Earlier iterations did, but I removed that requirement. The skill now checks:

  • whether the plan file exists and is readable,
  • the current branch and latest commit,
  • and whether the plan itself declares extra preconditions.

It no longer blocks or even checks execution based on working tree dirtiness.

That makes the skill less rigid in a monorepo where unrelated workspace state is often present and where “clean tree only” can become more noise than safety.


Why this combination works better than any single change

None of these changes matters much in isolation.

  • A skill alone does not encode safe boundaries.
  • Rules alone do not force a structured execution/reporting loop.

The value comes from the combination:

  • The global GEMINI.md: teaches the agent to act like a constrained executor.
  • The implement-plan skill: forces implementation to stay anchored to a saved plan.

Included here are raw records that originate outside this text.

record 'c omegacat =
  ocarrier :: "'c set"
  od :: "nat \<Rightarrow> bool \<Rightarrow> 'c \<Rightarrow> 'c"
  ocomp :: "nat \<Rightarrow> 'c \<Rightarrow> 'c \<Rightarrow> 'c"

definition gamma :: "'a cubcat \<Rightarrow> (nat \<times> 'a) set omegacat" where
  "gamma G =
    \<lparr> ocarrier = {gclass G n x | n x. (n, x) \<in> gpairs G},
      od = (\<lambda>p \<alpha> c. {q. \<exists>n x. (n, x) \<in> c \<and> p < n \<and>
               gequiv G (n, eps1pow G p (n - p) (face1pow G n \<alpha> (n - p) x)) q}),
      ocomp = (\<lambda>p c e. {q. \<exists>n x y. (n, x) \<in> c \<and> (n, y) \<in> e \<and> p < n \<and>
               gequiv G (n, comp G n (n - p) x y) q}) \<rparr>"

definition gamma_map :: "'b cubcat \<Rightarrow> (nat \<Rightarrow> 'a \<Rightarrow> 'b) \<Rightarrow> (nat \<times> 'a) set \<Rightarrow> (nat \<times> 'b) set" where
  "gamma_map H f c = {q. \<exists>n x. (n, x) \<in> c \<and> gequiv H (n, f n x) q}"

definition omega_hom :: "'c omegacat \<Rightarrow> 'd omegacat \<Rightarrow> ('c \<Rightarrow> 'd) \<Rightarrow> bool" where
  "omega_hom C D F \<longleftrightarrow>
    (\<forall>x \<in> ocarrier C. F x \<in> ocarrier D) \<and>
    (\<forall>p \<alpha> x. x \<in> ocarrier C \<longrightarrow> F (od C p \<alpha> x) = od D p \<alpha> (F x)) \<and>
    (\<forall>p x y. x \<in> ocarrier C \<and> y \<in> ocarrier C \<and> od C p True x = od C p False y \<longrightarrow>
       F (ocomp C p x y) = ocomp D p (F x) (F y))"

That is what turns Antigravity CLI from “a fast coding assistant” into “a plan-bound executor with guardrails.”


Final thoughts

What I wanted from this setup was not more intelligence in the abstract. I wanted less improvisation.

The resulting system is not fancy:

  • write down the global execution rules,
  • and force implementation to follow a saved plan.

But that is enough to change the operating feel of the tool.

Antigravity CLI is still the same CLI. The model is still Gemini 3.5 Flash (High). The difference is that it now runs inside a tighter contract.

And for real engineering work, that contract matters more than most people think.